ALBA's 5 Point Plan
ALBA's 5 Point Plan
When the ALBA Party was formed in 2021, we announced our 5-Point Plan to combat child poverty. In order to eradicate poverty, governments must redistribute wealth to those on the bottom rung of the ladder and that principle runs throughout our 5-point plan.
We commit to increasing the laudable Scottish Child Payment to the Joseph Rowntree Recommendation of £40 a week. Further redistribution is provided by a one-off payment to low-income families across Scotland. Something that two ALBA Councillors in Inverclyde managed to secure in their annual budget in 2022. We also believe that the Educational Maintenance Allowance (EMA) should be doubled to £60, thus allowing for some of the most disadvantaged young adults in Scotland to continue their education.
There is an inextricable link between poor standards of health and well-being and poverty. Our plan helps to combat the increasing levels of poor health amongst our young people by removing the financial barriers that currently exist to access sports facilities. It is our belief that all children have the right to high-quality breakfasts and lunches all year round and a legal right to food if they need it. This is why we commit to free school meals for all children, all year round.

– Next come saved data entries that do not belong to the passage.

text \<open>Monotone functions of the group sums are monotone functions of the summands.\<close>

lemma assoc_ineq_group_sums:
  fixes Z Y :: "nat \<Rightarrow> 'w \<Rightarrow> real" and grp :: "nat \<Rightarrow> nat"
  assumes grp: "\<And>p. p < m \<Longrightarrow> grp p < n"
    and sums: "\<And>\<omega> i. \<omega> \<in> space P \<Longrightarrow> i < n \<Longrightarrow> Y i \<omega> = (\<Sum>p | p < m \<and> grp p = i. Z p \<omega>)"
    and ineq: "assoc_ineq P Z m test_fun b"
  shows "assoc_ineq P Y n test_fun b"
  unfolding assoc_ineq_def
proof (intro allI impI)
  fix J assume J: "J \<subseteq> {..<n}"
  let ?J' = "{p. p < m \<and> grp p \<in> J}"
  have "?J' \<subseteq> {..<m}" by auto
  then have "cov_ineq P Z ?J' (if b then {..<m} - ?J' else ?J') (if b then 1 else -1) test_fun"
    using ineq unfolding assoc_ineq_def by blast
  moreover have "{p. p < m \<and> grp p \<in> (if b then {..<n} - J else J)} = (if b then {..<m} - ?J' else ?J')"
    using grp by auto
  ultimately have "cov_ineq P Z ?J' {p. p < m \<and> grp p \<in> (if b then {..<n} - J else J)}
      (if b then 1 else -1) test_fun"
    by simp
  then show "cov_ineq P Y J (if b then {..<n} - J else J) (if b then 1 else -1) test_fun"
    by (rule cov_ineq_regroup[rotated]) (use sums J in \<open>auto split: if_splits\<close>)
qed

section \<open>Monotone limits of sets\<close>

definition mono_limit :: "(nat \<Rightarrow> 'a set) \<Rightarrow> 'a set \<Rightarrow> bool" where
  "mono_limit A L \<longleftrightarrow> (incseq A \<and> L = (\<Union>m. A m)) \<or> (decseq A \<and> L = (\<Inter>m. A m))"

lemma mono_limit_Diff_right: "mono_limit A L \<Longrightarrow> mono_limit (\<lambda>m. A m - U) (L - U)"
  unfolding mono_limit_def incseq_def decseq_def by blast

lemma mono_limit_Diff_left: "mono_limit A L \<Longrightarrow> mono_limit (\<lambda>m. S - A m) (S - L)"
  unfolding mono_limit_def incseq_def decseq_def by blast

lemma mono_limit_subset: "mono_limit A L \<Longrightarrow> (\<And>m. A m \<subseteq> E) \<Longrightarrow> L \<subseteq> E"
  unfolding mono_limit_def by blast

lemma mono_limit_sets: "mono_limit A L \<Longrightarrow> (\<And>m. A m \<in> sets M) \<Longrightarrow> L \<in> sets M"
  unfolding mono_limit_def by auto

lemma tendsto_measure_mono_limit:
  assumes lim: "mono_limit A L" and A: "\<And>m. A m \<in> sets \<mu>" "\<And>m. A m \<subseteq> S"
    and S: "S \<in> sets \<mu>" "emeasure \<mu> S \<noteq> \<infinity>"
  shows "(\<lambda>m. measure \<mu> (A m)) \<longlonglongrightarrow> measure \<mu> L"
proof -
  have finite: "emeasure \<mu> B \<noteq> \<infinity>" if "B \<in> sets \<mu>" "B \<subseteq> S" for B
    using emeasure_mono[OF that(2) S(1)] S(2) by (auto simp: top_unique)
  from lim show ?thesis
    unfolding mono_limit_def
  proof (elim disjE conjE)
    assume "incseq A" "L = (\<Union>m. A m)"
    moreover have "emeasure \<mu> (\<Union>m. A m) \<noteq> \<infinity>" using A by (intro finite) auto
    ultimately show ?thesis using A by (auto intro!: Lim_measure_incseq)
  next
    assume "decseq A" "L = (\<Inter>m. A m)"
    moreover have "emeasure \<mu> (A m) \<noteq> \<infinity>" for m using A by (intro finite)
    ultimately show ?thesis using A by (auto intro!: Lim_measure_decseq)
  qed
qed

text \<open>The monotone class theorem, applied on the trace of the generated ring on \<open>E\<close>.\<close>

lemma generated_ring_monotone_class:
  assumes semi: "semiring_of_sets UNIV \<I>" and E: "E \<in> semiring_of_sets.generated_ring \<I>"
    and ring: "\<And>A. A \<in> semiring_of_sets.generated_ring \<I> \<Longrightarrow> A \<subseteq> E \<Longrightarrow> A \<in> C"
    and lim: "\<And>A L. (\<And>m. A m \<in> C) \<Longrightarrow> mono_limit A L \<Longrightarrow> L \<in> C"
    and B: "B \<in> sigma_sets UNIV \<I>" "B \<subseteq> E"
  shows "B \<in> C"
proof -
  interpret semiring_of_sets UNIV \<I> by fact
  interpret R: ring_of_sets UNIV generated_ring by (rule generating_ring)
  have "algebra E ((\<inter>) E ` generated_ring)"
    unfolding algebra_iff_Un
  proof (intro conjI ballI)
    show "(\<inter>) E ` generated_ring \<subseteq> Pow E" "{} \<in> (\<inter>) E ` generated_ring"
      by (auto intro!: image_eqI[of _ _ "{}"])
    fix a c assume "a \<in> (\<inter>) E ` generated_ring" "c \<in> (\<inter>) E ` generated_ring"
    then obtain r t where r: "r \<in> generated_ring" "a = E \<inter> r" and t: "t \<in> generated_ring" "c = E \<inter> t"
      by auto
    have "E - a = E \<inter> (E - r)" "a \<union> c = E \<inter> (r \<union> t)" using r t by auto
    then show "E - a \<in> (\<inter>) E ` generated_ring" "a \<union> c \<in> (\<inter>) E ` generated_ring"
      using r t E by (auto intro!: R.Diff R.Un)
  qed
  then have "sigma_sets E ((\<inter>) E ` generated_ring) \<subseteq> C"
  proof (rule algebra.monotone_class)
    show "(\<inter>) E ` generated_ring \<subseteq> C" using E by (auto intro!: ring R.Int)
  next
    fix A :: "nat \<Rightarrow> _" assume A: "\<And>n. A n \<in> C" "\<And>n. A n \<subseteq> A (Suc n)"
    then have "mono_limit A (\<Union>n. A n)" unfolding mono_limit_def using incseq_SucI by blast
    with A(1) show "(\<Union>n. A n) \<in> C" by (rule lim)
  next
    fix A :: "nat \<Rightarrow> _" assume A: "\<And>n. A n \<in> C" "\<And>n. A (Suc n) \<subseteq> A n"
    then have "mono_limit A (\<Inter>n. A n)" unfolding mono_limit_def using decseq_SucI by blast
    with A(1) show "(\<Inter>n. A n) \<in> C" by (rule lim)
  qed
  moreover have "(\<inter>) E ` sigma_sets UNIV generated_ring = sigma_sets E ((\<inter>) E ` generated_ring)"
    using E by (intro sigma_sets_Int) auto
  moreover have "B = E \<inter> B" using B(2) by auto
  ultimately show ?thesis
    using B(1) sigma_sets_generated_ring_eq by (metis image_eqI subsetD)
qed

section \<open>Random measures on disjoint sets\<close>

lemma random_measure_sets: "random_measure P M \<Longrightarrow> \<omega> \<in> space P \<Longrightarrow> sets (M \<omega>) = sets borel"
  unfolding random_measure_def by blast

lemma random_measure_finite:
  "random_measure P M \<Longrightarrow> \<omega> \<in> space P \<Longrightarrow> B \<in> sets borel \<Longrightarrow> bounded B \<Longrightarrow> emeasure (M \<omega>) B \<noteq> \<infinity>"
  unfolding random_measure_def by (metis less_irrefl)

lemma random_measure_measurable:
  assumes "random_measure P M" "B \<in> sets borel"
  shows "(\<lambda>\<omega>. measure (M \<omega>) B) \<in> borel_measurable P"
proof -
  have "(\<lambda>\<omega>. emeasure (M \<omega>) B) \<in> borel_measurable P"
    using assms unfolding random_measure_def by blast
  then show ?thesis unfolding measure_def by measurable
qed

lemma generated_ring_borel_bounded:
  fixes \<I> :: "'a::metric_space set set"
  assumes "semiring_of_sets \<Omega> \<I>" "\<I> \<subseteq> sets borel" "\<forall>B\<in>\<I>. bounded B"
    and "A \<in> semiring_of_sets.generated_ring \<I>"
  shows "A \<in> sets borel" "bounded A"
proof -
  interpret semiring_of_sets \<Omega> \<I> by fact
  from assms(4) obtain C where "finite C" "C \<subseteq> \<I>" "A = \<Union>C" by (rule generated_ringE)
  with assms(2,3) show "A \<in> sets borel" "bounded A" by (auto intro!: sets.finite_Union bounded_Union)
qed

The Scottish Government has the power to implement every single point of ALBA’s 5-point plan. In its entirety, this plan would cost just 2.29% of the Scottish Government’s budget and each policy would go a long way to alleviate much of the pressures families are facing across the country.
1. Introduce an Annual £500 payment to assist half a million low earnings households in Scotland.
2. Increase the Scottish Child Payment to £40 per week for 400,000 children in quarter of a million households.
3. Extend free school meals to all primary and secondary pupils in Scotland.
4. Double the Educational Maintenance Allowance (EMA) from £30 to £60 for 16-19 year olds in school and college.
5. Introduce universal access to sports facilities for all children and young people under 18.